Collected data entries:

-*-*-

lemma poisson_odd_error_le:
  fixes k K M r \<xi> \<mu> \<sigma> e :: real
  assumes "0 \<le> k" "0 \<le> \<xi>" "2 * \<xi> \<le> \<mu>" "0 \<le> K" "0 \<le> M" "0 \<le> r" "r^2 \<le> \<sigma>" "0 < \<sigma>"
    and amgm: "8 * K * r + 32 * M \<le> 4 * k * \<sigma>"
    and "\<bar>e\<bar> \<le> \<xi> * (K * (2*r/\<sigma>)^3 + 2*M * (2*r/\<sigma>)^4)"
  shows "- 2 * e \<le> 4 * k * \<mu> / \<sigma>"
proof -
  have "- 2 * e \<le> 2 * \<xi> * (K * (2*r/\<sigma>)^3 + 2*M * (2*r/\<sigma>)^4)"
    using assms(10) by (simp add: abs_le_iff mult.assoc)
  also have "\<dots> \<le> 2 * \<xi> * (K * (8 * r / \<sigma>^2) + 2*M * (16 / \<sigma>^2))"
    using ratio_power3_le[OF assms(7,8,6)] ratio_power4_le[OF assms(7,8)] assms(2,4,5)
    by (intro mult_left_mono add_mono) auto
  also have "\<dots> = 2 * \<xi> * (8 * K * r + 32 * M) / \<sigma>^2"
    by (simp add: add_divide_distrib algebra_simps)
  also have "\<dots> \<le> 2 * \<xi> * (4 * k * \<sigma>) / \<sigma>^2"
    using amgm assms(2) by (intro divide_right_mono mult_left_mono) auto
  also have "\<dots> = 4 * k * (2 * \<xi>) / \<sigma>"
    using assms(8) by (simp add: power2_eq_square)
  also have "\<dots> \<le> 4 * k * \<mu> / \<sigma>"
    using assms(1,3,8) by (intro divide_right_mono mult_left_mono) auto
  finally show ?thesis .
qed

lemma poisson_shell_inequality:
  fixes k b r g \<mu> \<xi> M K Ev Od ip :: real
  assumes k: "1 \<le> k" and b: "3 \<le> b" and "0 \<le> r" "0 \<le> g" "0 \<le> \<xi>" "2 * \<xi> \<le> \<mu>" "0 \<le> M" "0 \<le> K"
    and const: "K^2 / k + 8 * M \<le> k * (1 + b)" and \<sigma>_eq: "\<sigma> = r^2 + 1 + b"
    and Ev: "\<bar>Ev - (4*k + k*(k+1) * (2*r/\<sigma>)^2)\<bar> \<le> 2*M * (2*r/\<sigma>)^4"
    and Od: "\<bar>Od + 2*k * ip\<bar> \<le> \<xi> * (K * (2*r/\<sigma>)^3 + 2*M * (2*r/\<sigma>)^4)"
    and ip: "ip = (r^2 - g - \<mu>) / \<sigma>"
  shows "(g - 1) * Ev - 2 * Od \<le> 4*k * g * (1 + k/\<sigma>)"
proof -
  have \<sigma>: "4 \<le> \<sigma>" "r^2 \<le> \<sigma>" "0 < \<sigma>"
    using b zero_le_power2[of r] unfolding \<sigma>_eq by linarith+
  have "0 \<le> K^2 / k"
    using k by simp
  then have "8 * M \<le> k * (1 + b)"
    using const by linarith
  have "8 * K * r \<le> 4 * k * r^2 + 4 * (K^2 / k)"
    using mult_le_weighted_squares[of k K r] k by simp
  moreover have "4 * k * \<sigma> = 4 * k * r^2 + 4 * k * (1 + b)"
    unfolding \<sigma>_eq by (simp add: algebra_simps)
  ultimately have amgm: "8 * K * r + 32 * M \<le> 4 * k * \<sigma>"
    using const by linarith
  define e1 where "e1 = Ev - (4*k + k*(k+1) * (2*r/\<sigma>)^2)"
  define e2 where "e2 = Od + 2*k * ip"
  have "\<bar>e1\<bar> \<le> 32 * M / \<sigma>^2"
    using Ev mult_left_mono[OF ratio_power4_le[OF \<sigma>(2,3)], of "2 * M"] \<open>0 \<le> M\<close> unfolding e1_def by simp
  then have err1: "(g - 1) * e1 \<le> 4*k*(k+1)*g*(1+b)/\<sigma>^2 + 4*k*(1+b)/\<sigma>"
    using poisson_even_error_le k b \<open>0 \<le> g\<close> \<open>0 \<le> M\<close> \<open>8 * M \<le> k * (1 + b)\<close> \<sigma>(1) by simp
  have err2: "- 2 * e2 \<le> 4 * k * \<mu> / \<sigma>"
    unfolding e2_def using k \<open>0 \<le> \<xi>\<close> \<open>2 * \<xi> \<le> \<mu>\<close> \<open>0 \<le> K\<close> \<open>0 \<le> M\<close> \<open>0 \<le> r\<close> \<sigma>(2,3) amgm Od
    by (intro poisson_odd_error_le) auto
  \<comment> \<open>An exact identity; the subtracted margins absorb the errors e1 and e2.\<close>
  have "(g - 1) * Ev - 2 * Od = 4*k*g*(1 + k/\<sigma>)
      - (4*k*(1+b)/\<sigma> + 4*k*(k+1)*g*(1+b)/\<sigma>^2 + 4*k*(k+1)*r^2/\<sigma>^2 + 4*k*\<mu>/\<sigma>)
      + (g - 1) * e1 - 2 * e2"
  proof -
    have b_eq: "b = \<sigma> - r^2 - 1"
      by (simp add: \<sigma>_eq)
    show ?thesis
      using \<sigma>(3) unfolding e1_def e2_def ip b_eq by (simp add: field_simps power2_eq_square)
  qed
  moreover have "0 \<le> 4*k*(k+1)*r^2/\<sigma>^2"
    using k by simp
  ultimately show ?thesis
    using err1 err2 by linarith
qed

(* Each summand absorbs one of the Taylor error terms of the two shell inequalities above. *)
definition majorant_const :: "real \<Rightarrow> real" where
  "majorant_const d = 3 + 8 * taylor4_const (d/2) + ((d/2) * (d/2 + 1) * (d/2 + 2) / 3)^2
                    + 16 * taylor4_const ((d - 2)/2)"

lemma majorant_const_ge_3: "3 \<le> d \<Longrightarrow> 3 \<le> majorant_const d"
  unfolding majorant_const_def using taylor4_const_nonneg[of "d/2"] taylor4_const_nonneg[of "(d-2)/2"]
  by (simp add: add_nonneg_nonneg)

lemma majorant_const_poisson:
  assumes "3 \<le> d"
  defines "k \<equiv> d/2"
  shows "(k * (k + 1) * (k + 2) / 3)^2 / k + 8 * taylor4_const k \<le> k * (1 + majorant_const d)"
proof -
  let ?K2 = "(k * (k + 1) * (k + 2) / 3)^2" and ?M = "taylor4_const k"
  have "1 \<le> k" "0 \<le> ?M"
    using assms taylor4_const_nonneg[of k] by (simp_all add: k_def)
  then have "?K2 / k \<le> ?K2"
    by (simp add: divide_le_eq mult_le_cancel_left1)
  then have "?K2 / k + 8 * ?M \<le> ?K2 + 8 * ?M"
    by simp
  also have "\<dots> \<le> 1 * majorant_const d"
    using taylor4_const_nonneg[of "(d-2)/2"] assms unfolding majorant_const_def k_def by simp
  also have "\<dots> \<le> k * (1 + majorant_const d)"
    using \<open>1 \<le> k\<close> majorant_const_ge_3[OF assms(1)] by (intro mult_mono) auto
  finally show ?thesis .
qed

-*-*-

Directions:
Where the string "shows" appears in a line of the entries, that line counts; state the total number of such lines and nothing else.

Solved problem:
3